Depths
- First edition
- Author: Henning Mankell
- Original title: Djup
- Translator: Laurie Thompson
- Language: Swedish
- Genre: Genre fiction
- Publisher: Leopard Förlag (Swedish) Harvill Secker (English)
- Publication date: 2004
- Publication place: Sweden
- Published in English: 2006
- Media type: Print (Hardcover, Paperback)
- ISBN: 1-84343-263-3 (Eng. trans.)
- OCLC: 67375286

= Depths (novel) =

2004 novel by Henning Mankell

Depths (Djup in the original Swedish) is a 2004 novel by Swedish writer Henning Mankell.

== Plot ==
Ever since his childhood Svartman has been obsessed by exactness in the measurement of time or distance. He seeks solace through secretly observing or following people, and at night overcomes fear by cradling his most precious possession, his sounding lead. Svartman's obsessions and growing distrust of others leads him to submerge himself in a web of deceit involving his employer, Kristina and Sara which increasingly threatens to engulf him.

==Reception==
Writing in The New York Times, Lucy Ellmann criticised the novel's style, deprecating Mankell's writing as "woolly" and "staccato" and his use of metaphor and symbolism as overwrought.
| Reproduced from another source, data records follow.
lemma measurable_selection_above:
  fixes g :: "'a \<Rightarrow> 'b::second_countable_topology \<Rightarrow> real"
  assumes meas: "\<And>y. (\<lambda>x. g x y) \<in> borel_measurable M" and cont: "\<And>x. continuous_on UNIV (g x)"
    and m: "m \<in> borel_measurable M" and below: "\<And>x. ereal (m x) < (SUP y. ereal (g x y))"
  obtains T where "T \<in> M \<rightarrow>\<^sub>M borel" and "\<And>x. m x < g x (T x)"
proof -
  obtain D :: "'b set" where "countable D" and dense: "\<And>U. open U \<Longrightarrow> U \<noteq> {} \<Longrightarrow> \<exists>d\<in>D. d \<in> U"
    using countable_dense_setE by blast
  define e where "e = from_nat_into D"
  have "D \<noteq> {}" using dense[of UNIV] by auto
  then have range_e: "range e = D" unfolding e_def by (rule range_from_nat_into[OF _ \<open>countable D\<close>])
  define N where "N x = (LEAST n. m x < g x (e n))" for x
  have "\<exists>n. m x < g x (e n)" for x
  proof -
    from below[of x] obtain y where "y \<in> D" "m x < g x y"
      by (auto simp: SUP_ereal_dense_eq[OF cont dense, symmetric] less_SUP_iff)
    with range_e show ?thesis by auto
  qed
  then have "m x < g x (e (N x))" for x unfolding N_def by (rule LeastI_ex)
  moreover have "N \<in> M \<rightarrow>\<^sub>M count_space UNIV" unfolding N_def using meas m by measurable
  then have "e \<circ> N \<in> M \<rightarrow>\<^sub>M borel" by (rule measurable_comp) simp
  ultimately show ?thesis using that[of "e \<circ> N"] by simp
qed

lemma supporting_line_exists:
  fixes A :: "(real \<times> real) set" and eps V :: real
  assumes "0 < eps" and "(0, 0) \<in> A"
    and mix: "\<And>c v c' v' q. (c, v) \<in> A \<Longrightarrow> (c', v') \<in> A \<Longrightarrow> 0 \<le> q \<Longrightarrow> q \<le> 1 \<Longrightarrow>
      q * c + (1 - q) * c' \<le> eps \<Longrightarrow> q * v + (1 - q) * v' \<le> V"
  obtains lam where "0 \<le> lam" and "\<And>c v. (c, v) \<in> A \<Longrightarrow> v \<le> V + lam * (c - eps)"
proof -
  have feasible: "v \<le> V" if "(c, v) \<in> A" "c \<le> eps" for c v
    using mix[OF that(1) that(1), of 1] that(2) by simp
  \<comment> \<open>\<open>lam\<close> is the steepest chord from \<open>(eps, V)\<close> to a point of \<open>A\<close> beyond the budget; mixing
    such a point with one below the budget shows that chords to the left are no flatter.\<close>
  define S where "S = {(v - V) / (c - eps) | c v. (c, v) \<in> A \<and> eps < c}"
  have S_bound: "s \<le> V / eps" if "s \<in> S" for s
  proof -
    from that obtain c v where cv: "(c, v) \<in> A" "eps < c" and s: "s = (v - V) / (c - eps)"
      unfolding S_def by blast
    have "eps / c * v \<le> V"
      using mix[OF cv(1) assms(2), of "eps / c"] cv(2) \<open>0 < eps\<close> by simp
    then have "v - V \<le> V / eps * (c - eps)"
      using cv(2) \<open>0 < eps\<close> by (simp add: field_simps)
    then show ?thesis unfolding s using cv(2) by (simp add: divide_le_eq)
  qed
  define lam where "lam = Sup (insert 0 S)"
  have bdd: "bdd_above (insert 0 S)"
    using S_bound by (intro bdd_aboveI[of _ "max 0 (V / eps)"]) force
  have "0 \<le> lam" unfolding lam_def by (rule cSup_upper[OF _ bdd]) simp
  moreover have "v \<le> V + lam * (c - eps)" if cv: "(c, v) \<in> A" for c v
  proof (cases c eps rule: linorder_cases)
    case greater
    then have "(v - V) / (c - eps) \<le> lam"
      unfolding lam_def using cv by (intro cSup_upper[OF _ bdd]) (auto simp: S_def)
    then show ?thesis using greater by (simp add: divide_le_eq algebra_simps)
  next
    case equal
    then show ?thesis using feasible[OF cv] by simp
  next
    case less
    have "lam \<le> (V - v) / (eps - c)" unfolding lam_def
    proof (rule cSup_least)
      fix s assume "s \<in> insert 0 S"
      then consider "s = 0" | c' v' where "(c', v') \<in> A" "eps < c'" "s = (v' - V) / (c' - eps)"
        unfolding S_def by blast
      then show "s \<le> (V - v) / (eps - c)"
      proof cases
        case 1
        then show ?thesis using feasible[OF cv] less by simp
      next
        case 2
        define q where "q = (eps - c) / (c' - c)"
        have q: "0 \<le> q" "q \<le> 1" "q * (c' - c) = eps - c"
          using less 2(2) unfolding q_def by (auto simp: field_simps)
        then have "q * v' + (1 - q) * v \<le> V"
          by (intro mix[OF 2(1) cv]) (simp_all add: algebra_simps)
        then have "(c' - c) * (q * v' + (1 - q) * v) \<le> (c' - c) * V"
          using less 2(2) by (intro mult_left_mono) auto
        moreover have "(c' - c) * (q * v' + (1 - q) * v) = (eps - c) * v' + (c' - eps) * v"
          using q(3) by algebra
        moreover have "(eps - c) * (v' - V) - (c' - eps) * (V - v) = (eps - c) * v' + (c' - eps) * v - (c' - c) * V"
          by (simp add: algebra_simps)
        ultimately have "(eps - c) * (v' - V) \<le> (c' - eps) * (V - v)" by linarith
        then show ?thesis
          unfolding 2(3) using less 2(2) by (simp add: divide_le_eq le_divide_eq mult.commute)
      qed
    qed simp
    then show ?thesis using less by (simp add: le_divide_eq algebra_simps)
  qed
  ultimately show ?thesis by (rule that)
qed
For The Guardian, Ian Thomson also criticised the writing as staccato and pretentious, but was more positive about the novel as a whole, praising the evocation of the Baltic seascape and the novel's "old-fashioned moral force". Paul Binding's review for The Independent mostly described the book's plot, but was uniformly positive about its narrative force.